First, undoubtedly the biggest story of the week was the Portman Group’s ruling against Tiny Rebel over the design of the Cwtch can. This has generated commentary to reinforce each and every set of prejudices:

The most essential items of reading, though, are the Portman Group’s own report on the decision, and Tiny Rebel’s response which comes with (perhaps questionable) figures for the final cost of the exercise.


Here’s one we added from a smartphone sitting in a pub on Friday: Emma Inch asks if we might apply a version of the Bechdel test to beer. We don’t do much Women in Beer stuff these days, even though one of us is, of course, a Woman in Beer, so this very much resonates.


Detail from the cover of the menu.

We always enjoy dissections of artefacts from recent beer history which is why this piece  by Josh Noel about an early-to-mid-1990s menu from Goose Island’s original Chicago brewpub caught our eye. He discovered it while researching his upcoming book about Goose Island, an extract from which is quoted in this post, and it tells us a lot about where American beer was at just 25 years ago:

The menu features three core year-round beers: Golden Goose Pilsner, which had been a brewpub mainstay since opening in 1988; Honker’s Ale, the only 1988 original that has endured throughout Goose Island’s 30-year history (though the fading popularity of the easy drinking, malt forward style leaves it at the periphery these days); and Tanzen Gans Kolsch, likely one of the earliest examples of the kolsch style made by an American craft brewer… The Brewmaster’s Specials included another 19 beers that rotated seasonally, including a heretofore rarity in Chicago called IPA (“very strong, very bitter, very pale”).
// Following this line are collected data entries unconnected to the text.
(* For every $(G,r,T,a,b)$ with $0\le a\le 1/2$ and $b\in[0,1]$, there is a coupling of the spread process $\{f_t(v)\}$ with parameters $(G,r,T,a,b)$ and the decoupled process $(g,Z,\mathrm{count},\mathrm{origin})$ with parameters $(G,r,T,\alpha=2a,\beta=b)$ such that $g_t(v)=f_t(v)$ for all $t\in\mathbb{N}$ and all $v\in V$.
   Context: Spread process. Fix $a,b\in[0,1]$. Let $G=(V,E)$ be a connected, locally finite, undirected graph, $r\in V$ a root, and $T$ a BFS spanning tree of $G$ rooted at $r$ (i.e. $d_T(r,v)=d_G(r,v)$ for all $v$), oriented away from $r$, with parent $p(v)$ for $v\ne r$. The spread process with parameters $(G,r,T,a,b)$ is the random sequence $f_t:V\to\{+1,-1,\bot\}$: $f_t(r)=+1$ for all $t$; $f_0(v)=\bot$ for $v\ne r$; for $t\ge1$ and each $v\ne r$ independently: if $f_{t-1}(v)=\bot\ne f_{t-1}(p(v))$ then $f_t(v)=f_{t-1}(p(v))$ w.p. $1-a$ and $-f_{t-1}(p(v))$ w.p. $a$; if $f_{t-1}(v)\ne\bot$ then $f_t(v)=f_{t-1}(p(v))$ w.p. $b$ and $f_{t-1}(v)$ w.p. $1-b$; if $f_{t-1}(v)=f_{t-1}(p(v))=\bot$ then $f_t(v)=\bot$. Decoupled process with parameters $(G,r,T,\alpha,\beta)$: $Z_0=+1$, $Z_1,Z_2,\dots$ i.i.d. uniform on $\{-1,+1\}$, $Z_\infty=\bot$; counter $\mathrm{count}_0=1$; $\mathrm{origin}_0(r)=0$, $\mathrm{origin}_0(v)=\infty$ for $v\ne r$, and the root always has origin $0$; $g_t(v)=Z_{\mathrm{origin}_t(v)}$. Update from $t$ to $t+1$ (independent choices): if $g_t(v)=g_t(p(v))=\bot$ then $\mathrm{origin}_{t+1}(v)=\infty$; nodes with $g_t(v)=\bot\ne g_t(p(v))$ are processed sequentially: w.p. $1-\alpha$, $\mathrm{origin}_{t+1}(v)=\mathrm{origin}_t(p(v))$; w.p. $\alpha$, $\mathrm{origin}_{t+1}(v)$ is the current counter value, and the counter is then incremented; if $g_t(v)\ne\bot$, $v\ne r$, then w.p. $\beta$, $\mathrm{origin}_{t+1}(v)=\mathrm{origin}_t(p(v))$, else it is unchanged. *)

theory Defs
  imports "HOL-Probability.Probability"
begin

datatype sv = Plus | Minus | Bot

fun sv_neg :: "sv \<Rightarrow> sv" where
  "sv_neg Plus = Minus" | "sv_neg Minus = Plus" | "sv_neg Bot = Bot"

definition gdist :: "('v \<Rightarrow> 'v \<Rightarrow> bool) \<Rightarrow> 'v \<Rightarrow> 'v \<Rightarrow> nat" where
  "gdist E u v = (LEAST n. (E ^^ n) u v)"

definition conn_lf_graph :: "('v \<Rightarrow> 'v \<Rightarrow> bool) \<Rightarrow> bool" where
  "conn_lf_graph E \<longleftrightarrow> (\<forall>u v. E u v \<longrightarrow> E v u) \<and> (\<forall>v. finite {w. E v w}) \<and> (\<forall>u v. E\<^sup>*\<^sup>* u v)"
Katie Wiles and Christine Cryne.

Having corresponded with her on and off for some years we finally met Christine Cryne completely coincidentally in our local pub earlier in the year. Now Katie Wiles gives us a profile of one of the quiet stars of British beer based on a lunchtime chocolate-and-beer pairing session at London’s Wenlock Arms:

I’m eager to see what it’s like to drink beer with a Master Beer Trainer, so we decide to break open the Oddfellow’s Chocolate, a favourite for Christine’s pairings. “It’s best to pair chocolate with a beer that is over 4% ABV,” Christine explains. “You want to make sure that the chocolate either amplifies the flavours or tones them down – you can try the same type of beer with two different chocolates and bring out completely different tastes.”


Illustration: blue Whitbread beer crate.

Concealed within this bit of PR fluff, an oddity: Black Sheep has brewed a Costa coffee infused beer for hospitality company Whitbread. Whitbread. Hospitality company Whitbread. Hospitality. There is something very sad about this story.

(Disclosure, we guess: Whitbread allowed us to use archive images from their collection in 20th Century Pub.)


Illustration: a glowing pint of beer.

The first batch of Golden Pints posts are in. We won’t be sharing every one that pops up but this is by way of a reminder that this is still A Thing, in case you were in two minds about whether to bother. Ours will be up sometime next week, we hope.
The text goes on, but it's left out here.